Taiwanese sculptor rehouses gods

Photo: AFP/Sam Yeh via CNA

Photo: AFP/Sam Yeh via CNA

Gods and myths are as vulnerable to the ravages of societal change as we are. Karl Marx famously wrote of life under capitalism: “All that is solid melts into air, all that is holy is profaned”. Where sacred truths once explained the nature of the world, the foundations of those truths are shaken by the development of capital. Once an essential part of the life-world, the change in production and social structure removes the impetus for religion. As a result, it would seem that even deities are relegated to the status of services.

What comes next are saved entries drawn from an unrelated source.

lemma pbw_bc_weight_eq_1:
  assumes "\<bar>q\<bar> \<noteq> 1" and "pbw_bc_weight (of_real q) i = 1"
  shows "\<exists>m n. i = Inl (0, m, n)"
proof (cases i)
  case (Inl t)
  obtain k m n where t: "t = (k, m, n)"
    by (cases t) auto
  have "(of_real q ^ 2 :: complex) ^ k = 1"
    using assms(2) by (simp add: pbw_bc_weight_def Inl t)
  then have "k = 0"
    using assms(1) power_eq_1_iff[of "of_real q ^ 2 :: complex" k]
    by (auto simp: norm_power abs_square_eq_1)
  then show ?thesis
    using Inl t by simp
next
  case (Inr t)
  obtain k m n where t: "t = (k, m, n)"
    by (cases t) auto
  have "(inverse (of_real q) ^ 2 :: complex) ^ Suc k = 1"
    using assms(2) by (simp add: pbw_bc_weight_def Inr t)
  then have False
    using assms(1) power_eq_1_iff[of "inverse (of_real q) ^ 2 :: complex" "Suc k"]
    by (auto simp: norm_power norm_inverse abs_square_eq_1 simp del: power_Suc)
  then show ?thesis ..
qed

lemma ab_mult_pbw_mon:
  "(a * b) * pbw_mon a b c d (Inl (0, m, n)) = pbw_mon a b c d (pbw_shift_ab (Inl (0, m, n)))"
  by (simp add: pbw_mon_def pbw_shift_ab_def mult.assoc)

context
  fixes q :: real and sc :: "complex \<Rightarrow> 'a::ring_1" and a b c d :: 'a
  assumes S: "is_scalar_embedding sc" and R: "suq2_rels q sc a b c d"
begin

lemma b_mult_a: "b * a = sc (of_real q) * (a * b)"
  using R by (simp add: suq2_rels_def)

lemma c_mult_a: "c * a = sc (of_real q) * (a * c)"
  using R by (simp add: suq2_rels_def)

lemma d_mult_b: "d * b = sc (of_real q) * (b * d)"
  using R by (simp add: suq2_rels_def)

lemma d_mult_c: "d * c = sc (of_real q) * (c * d)"
  using R by (simp add: suq2_rels_def)

lemma b_mult_c: "b * c = c * b"
  using R by (simp add: suq2_rels_def)

lemma bc_mult_a: "(b * c) * a = sc (of_real q ^ 2) * (a * (b * c))"
proof -
  have "(b * c) * a = sc (of_real q) * ((b * a) * c)"
    by (simp only: mult.assoc c_mult_a mult_sc_left_commute[OF S, of b])
  also have "\<dots> = sc (of_real q ^ 2) * (a * (b * c))"
    by (simp only: b_mult_a mult.assoc sc_mult_sc[OF S] power2_eq_square)
  finally show ?thesis .
qed

lemma bc_mult_d:
  assumes "q \<noteq> 0"
  shows "(b * c) * d = sc (inverse (of_real q) ^ 2) * (d * (b * c))"
proof -
  have "d * (b * c) = (d * b) * c"
    by (rule mult.assoc[symmetric])
  also have "\<dots> = sc (of_real q) * (b * (d * c))"
    by (simp only: d_mult_b mult.assoc)
  also have "\<dots> = sc (of_real q ^ 2) * ((b * c) * d)"
    by (simp only: d_mult_c mult_sc_left_commute[OF S, of b] sc_mult_sc[OF S] mult.assoc
        power2_eq_square)
  finally have "sc (inverse (of_real q) ^ 2) * (d * (b * c))
      = sc (inverse (of_real q) ^ 2 * of_real q ^ 2) * ((b * c) * d)"
    by (simp only: sc_mult_sc[OF S])
  also have "\<dots> = (b * c) * d"
    using assms by (simp add: sc_1[OF S] field_simps)
  finally show ?thesis ..
qed
lemma lubs_are_UnionsI:
  "(\<And>\<S> J. \<S> \<subseteq> R \<Longrightarrow> is_lub_in (\<inter>) R \<S> J \<Longrightarrow> J = \<Union>\<S>) \<Longrightarrow> lubs_are_Unions R"
  by (simp add: lubs_are_Unions_def)

lemma lubs_are_UnionsD:
  "lubs_are_Unions R \<Longrightarrow> \<S> \<subseteq> R \<Longrightarrow> is_lub_in (\<inter>) R \<S> J \<Longrightarrow> J = \<Union>\<S>"
  by (simp add: lubs_are_Unions_def)

lemma lub_complement_glb:
  assumes F: "F \<subseteq> Pow T" "\<And>X. X \<in> F \<Longrightarrow> T - X \<in> F"
    and J: "is_lub_in (\<inter>) F \<S> J"
  shows "is_glb_in (\<inter>) F ((-) T ` \<S>) (T - J)"
  unfolding is_glb_in_def
proof (intro conjI ballI impI)
  show "T - J \<in> F" using J F by (simp add: is_lub_in_def)
  show "alg_le (\<inter>) (T - J) Y" if "Y \<in> (-) T ` \<S>" for Y
    using that J by (auto simp: is_lub_in_def)
  show "alg_le (\<inter>) U (T - J)" if U: "U \<in> F" and lb: "\<forall>Y\<in>(-) T ` \<S>. alg_le (\<inter>) U Y" for U
  proof -
    have "\<forall>X\<in>\<S>. X \<subseteq> T" using J F(1) unfolding is_lub_in_def alg_le_Int by blast
    then have "\<forall>X\<in>\<S>. X \<subseteq> T - U" using lb by auto
    then have "J \<subseteq> T - U" using J F(2)[OF U] by (simp add: is_lub_in_def)
    then show ?thesis using U F(1) by auto
  qed
qed

lemma glb_complement_lub:
  assumes F: "F \<subseteq> Pow T" "\<And>X. X \<in> F \<Longrightarrow> T - X \<in> F"
    and M: "is_glb_in (\<inter>) F \<S> M"
  shows "is_lub_in (\<inter>) F ((-) T ` \<S>) (T - M)"
  unfolding is_lub_in_def
proof (intro conjI ballI impI)
  show "T - M \<in> F" using M F by (simp add: is_glb_in_def)
  show "alg_le (\<inter>) Y (T - M)" if "Y \<in> (-) T ` \<S>" for Y
    using that M by (auto simp: is_glb_in_def)
  show "alg_le (\<inter>) (T - M) U" if U: "U \<in> F" and ub: "\<forall>Y\<in>(-) T ` \<S>. alg_le (\<inter>) Y U" for U
  proof -
    have "\<forall>X\<in>\<S>. T - U \<subseteq> X" using ub by auto
    then have "T - U \<subseteq> M" using M F(2)[OF U] by (simp add: is_glb_in_def)
    then show ?thesis using M F(1) by (auto simp: is_glb_in_def)
  qed
qed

              The Taiwanese sculptor Lin Hsin-lai houses an immense collection of Taiwanese deity figures. These are the objects of worship for believers who seek a variety of protections and blessings in their lives. However, these figures are increasingly likely to be discarded or destroyed as followers lose faith or even blame the deities for failing to protect them. A certain ideology is clearly mapped onto the cartography of religious meaning the figures once held. Where they were once deities, they are now service providers. Failing their task at protecting their owners results in dismissal. Lin holds that it is possible to maintain these ways in the modern day. He repairs and rehouses the figures to the best of his abilities.

It is difficult not to feel a connection between his diligent efforts to uphold these figures as deities and resistance against the assimilating influence of capitalism more generally. Is it possible to preserve this culture in the face of the “creative destruction” of capital? It is difficult to say where the future of these deities lie.

Photo: AFP/Sam Yeh via CNA

Photo: AFP/Sam Yeh via CNA

But what remains when these are lost? We can see across the world that capitalism generally does not replace religion so much as it subsumes it. The religious instinct becomes another driver of mass consumption, or alternatively a way to assuage the guilt associated with engaging in mass consumption. No such incorporation appears to be taking place with these figures. While they are collected, they are certainly not “collectibles”. It does not even appear that their value as cultural artefacts is considered, as the article about Lin suggests they are simply being given away at no cost.

Perhaps this partial extinction is an intermediate step in the development of deity worship. It is possible that the space these deities inhabit survives in some respect in their adherents, and that the loss of interest in deities is temporary.

For the time being, however, it is a bleak that even gods must contend with the gig economy.